One man has vowed never to shop there — he gets his meat at the Pioneer Market dry good at 30th and Mission Market, and fresh fruits and vegetables at the Farmers Market at the foot of Bernal Hill. Another man goes once a week to the Marina Safeway. A woman told me she and her husband always drive the five minutes further to get to the Diamond Heights Safeway, where, because they never have to wait to check out there, they actually save time! These may be the only real alternatives.

But I am still mad – for me, and everyone around here who continually has this frustrating time waste wait at our store. The faces in the lines seem to say, “it’s always been like this; we’ve ALWAYS had to wait.”

So there you have it. Long lines have been a fixture at our local Safeway since even before 1972, and after 40+ years, it would seem that Safeway management still does not give a flying Fig Newton about the problem. But hey, at least they’re consistent.

In light of these facts, Bernalwood would now like to officially propse the following:

1) Let’s bulldoze this Safeway, since it so obviously suffers from intergenerational corporate indifference.

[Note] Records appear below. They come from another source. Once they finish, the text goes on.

lemma row_point_cases:
  assumes "r < 5*n+3"
  obtains "row_point x1 y1 x2 y2 x3 z3 \<alpha> n r = (y1, y2, x3)"
  | "row_point x1 y1 x2 y2 x3 z3 \<alpha> n r = (y1, x2, z3)"
  | "row_point x1 y1 x2 y2 x3 z3 \<alpha> n r = (\<alpha> (5*n-1), y2, z3)"
  | k where "k < n" "row_point x1 y1 x2 y2 x3 z3 \<alpha> n r = (\<alpha> (5*k+1), \<alpha> (5*k+2), \<alpha> (5*k+3))"
  | k where "k < n" "row_point x1 y1 x2 y2 x3 z3 \<alpha> n r = (\<alpha> (5*k+4), \<alpha> (5*k+5), \<alpha> (5*k+3))"
  | k where "k < n"
      "row_point x1 y1 x2 y2 x3 z3 \<alpha> n r
        = (\<alpha> (5*k+1), \<alpha> (5*k+5), if k = 0 then z3 else \<alpha> (5*(k-1)+3))"
  | k where "k < n" "row_point x1 y1 x2 y2 x3 z3 \<alpha> n r = (\<alpha> (5*k+4), \<alpha> (5*k+2), x3)"
  | k where "k < n"
      "row_point x1 y1 x2 y2 x3 z3 \<alpha> n r
        = (x1, if k = 0 then y2 else \<alpha> (5*(k-1)+2), \<alpha> (5*k+3))"
proof -
  consider "r = 0" | "r = 1" | "r = 5*n+2" | "2 \<le> r" "r < 5*n+2"
    using assms by linarith
  then show ?thesis
  proof cases
    case 1
    then show ?thesis
      using that(1) unfolding row_point_def apt_def by simp
  next
    case 2
    then show ?thesis
      using that(2) unfolding row_point_def apt_def by simp
  next
    case 3
    then show ?thesis
      using that(3) unfolding row_point_def bpt_def by simp
  next
    case 4
    define k where "k = (r - 2) div 5"
    have "k < n" using 4 unfolding k_def by linarith
    moreover have "r + 2 \<in> {5*k+4, 5*k+5, 5*k+6, 5*k+7, 5*k+8}"
      using 4 unfolding k_def insert_iff by linarith
    ultimately show ?thesis
      using that(4-8) 4 unfolding row_point_def by (auto simp only: apt_simps if_True)
  qed
qed

lemma apt_eq_row_point:
  assumes "2 \<le> i" "i \<le> 5*n+3"
  shows "apt x1 y1 x2 y2 x3 z3 \<alpha> i = row_point x1 y1 x2 y2 x3 z3 \<alpha> n (i - 2)"
proof -
  from assms have "i - 2 < 5*n+2" "i - 2 + 2 = i" by auto
  then show ?thesis
    unfolding row_point_def by presburger
qed

lemma row_point_in_Fset:
  "r < 5*n+3 \<Longrightarrow> row_point x1 y1 x2 y2 x3 z3 \<alpha> n r \<in> Fset x1 y1 x2 y2 x3 z3 \<alpha> n"
  by (auto simp: row_point_def Fset_def Dset_def)

lemma Fset_eq_row_points:
  "Fset x1 y1 x2 y2 x3 z3 \<alpha> n
    = insert (x1, x2, x3) (row_point x1 y1 x2 y2 x3 z3 \<alpha> n ` {..<5*n+3})"
    (is "?F = insert ?a1 ?rows")
proof
  have "apt x1 y1 x2 y2 x3 z3 \<alpha> i \<in> insert ?a1 ?rows" if "i \<in> {1..5*n+3}" for i
  proof (cases "i = 1")
    case False
    with that have "2 \<le> i" "i \<le> 5*n+3" by auto
    then show ?thesis
      unfolding apt_eq_row_point[OF \<open>2 \<le> i\<close> \<open>i \<le> 5*n+3\<close>] by simp
  qed (simp only: apt_simps insert_iff simp_thms)
  moreover have "bpt y2 z3 \<alpha> n \<in> ?rows"
    by (rule image_eqI[of _ _ "5*n+2"]) (simp_all add: row_point_def)
  ultimately show "?F \<subseteq> insert ?a1 ?rows"
    unfolding Fset_def Dset_def by blast
next
  have "?a1 \<in> ?F"
    unfolding Fset_def Dset_def by (rule insertI2, rule image_eqI[of _ _ 1]) (simp_all add: apt_def)
  then show "insert ?a1 ?rows \<subseteq> ?F"
    using row_point_in_Fset by auto
qed

lemma coord_sum_small_imp_bounded:
  fixes W :: "'a \<Rightarrow> 'b::real_normed_field"
  assumes "n \<ge> 1" and W_x: "W x1 = 0" "W x2 = 0" "W x3 = 0"
    and rows: "\<And>r. r < 5*n+3 \<Longrightarrow> norm (coord_sum W (row_point x1 y1 x2 y2 x3 z3 \<alpha> n r)) \<le> 1"
  shows "norm (W y1) \<le> 20" "norm (W y2) \<le> 20" "norm (W z3) \<le> 20"
    and "k < n \<Longrightarrow> j \<in> {1..5} \<Longrightarrow> norm (W (\<alpha> (5*k+j))) \<le> 20"
proof -
  have apt_small: "norm (coord_sum W (apt x1 y1 x2 y2 x3 z3 \<alpha> i)) \<le> 1"
    if "2 \<le> i" "i \<le> 5*n+3" for i
    using rows[of "i - 2"] that unfolding apt_eq_row_point[OF that] by simp
  define P where "P k = W (\<alpha> (5*(k-1)+1))" for k
  define Q where "Q k = W (if k = 0 then y2 else \<alpha> (5*(k-1)+2))" for k
  define R where "R k = W (if k = 0 then z3 else \<alpha> (5*(k-1)+3))" for k
  define S where "S k = W (\<alpha> (5*(k-1)+4))" for k
  define T where "T k = W (\<alpha> (5*(k-1)+5))" for k
  have block: "P (k+1) = W (\<alpha> (5*k+1))" "Q (k+1) = W (\<alpha> (5*k+2))" "R (k+1) = W (\<alpha> (5*k+3))"
    "S (k+1) = W (\<alpha> (5*k+4))" "T (k+1) = W (\<alpha> (5*k+5))" for k
    unfolding P_def Q_def R_def S_def T_def by simp_all
  have E1: "norm (P (k+1) + Q (k+1) + R (k+1)) \<le> 1" if "k < n" for k
    using apt_small[of "5*k+4"] that unfolding block apt_simps coord_sum_def by simp
  have E2: "norm (S (k+1) + T (k+1) + R (k+1)) \<le> 1" if "k < n" for k
    using apt_small[of "5*k+5"] that unfolding block apt_simps coord_sum_def by simp
  have E3: "norm (P (k+1) + T (k+1) + R k) \<le> 1" if "k < n" for k
    using apt_small[of "5*k+6"] that unfolding block apt_simps coord_sum_def R_def by simp
  have E4: "norm (S (k+1) + Q (k+1)) \<le> 1" if "k < n" for k
    using apt_small[of "5*k+7"] that W_x unfolding block apt_simps coord_sum_def by simp
  have E5: "norm (Q k + R (k+1)) \<le> 1" if "k < n" for k
    using apt_small[of "5*k+8"] that W_x unfolding block apt_simps coord_sum_def Q_def by simp
  have YQ: "norm (W y1 + Q 0) \<le> 1" and YR: "norm (W y1 + R 0) \<le> 1"
    using apt_small[of 2] apt_small[of 3] \<open>n \<ge> 1\<close> W_x
    by (simp_all add: apt_def coord_sum_def Q_def R_def)
  have "5*n-1 = 5*(n-1)+4"
    using \<open>n \<ge> 1\<close> by linarith
  then have SQR: "norm (S n + Q 0 + R 0) \<le> 1"
    using rows[of "5*n+2"] by (simp add: row_point_def bpt_def coord_sum_def S_def Q_def R_def)
  note bounds = chain_system_bounded[OF \<open>n \<ge> 1\<close> E1 E2 E3 E4 E5 YQ YR SQR]
  show "norm (W y1) \<le> 20"
    by (rule bounds(1))
  show "norm (W y2) \<le> 20" "norm (W z3) \<le> 20"
    using bounds(2)[of 0] by (simp_all add: Q_def R_def)
  show "norm (W (\<alpha> (5*k+j))) \<le> 20" if "k < n" "j \<in> {1..5}"
  proof -
    from that(2) have "j = 1 \<or> j = 2 \<or> j = 3 \<or> j = 4 \<or> j = 5" by auto
    then show ?thesis
      using bounds(2)[of "k+1"] bounds(3)[of k] \<open>k < n\<close> unfolding block by auto
  qed
qed

lemma coord_sum_small_imp_labels_bounded:
  fixes W :: "'a \<Rightarrow> 'b::real_normed_field"
  assumes "n \<ge> 1" and "W x1 = 0" "W x2 = 0" "W x3 = 0"
    and "\<And>r. r < 5*n+3 \<Longrightarrow> norm (coord_sum W (row_point x1 y1 x2 y2 x3 z3 \<alpha> n r)) \<le> 1"
    and "c < 5*n+3"
  shows "norm (W (col_label y1 y2 z3 \<alpha> c)) \<le> 20"
proof (cases "c \<le> 2")
  case True
  then show ?thesis
    using coord_sum_small_imp_bounded(1-3)[OF assms(1-5)]
    by (auto simp: col_label_def le_Suc_eq numeral_eq_Suc)
next
  case False
  define k j where "k = (c - 3) div 5" and "j = (c - 3) mod 5 + 1"
  have "c - 2 = 5*k + j"
    using div_mult_mod_eq[of "c - 3" 5] False unfolding k_def j_def by linarith
  moreover have "j \<in> {1..5}"
    unfolding j_def by simp
  moreover from \<open>c - 2 = 5*k + j\<close> \<open>c < 5*n+3\<close> have "k < n"
    unfolding j_def by linarith
  ultimately show ?thesis
    using False coord_sum_small_imp_bounded(4)[OF assms(1-5)] by (simp add: col_label_def)
qed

2) Let’s save that cool Taoist Safeway mosaic, for posterity, or for use in a replacement structure (see below).

3) Let’s build a few hundred units of much-needed housing on this long-neglected site, with the new ground-floor space dedicated to a more modern supermarket (something kind of like that new mixed-use building that was recently erected on Ocean).

4) While we’re at it, let’s get serious about asking BART to build that 30th Street infill station they’re thinking about again. Hurry up, please.

… because really, after banging our Bernalese heads against the walls at this Safeway for five decades, it may just be time to give up and try something else.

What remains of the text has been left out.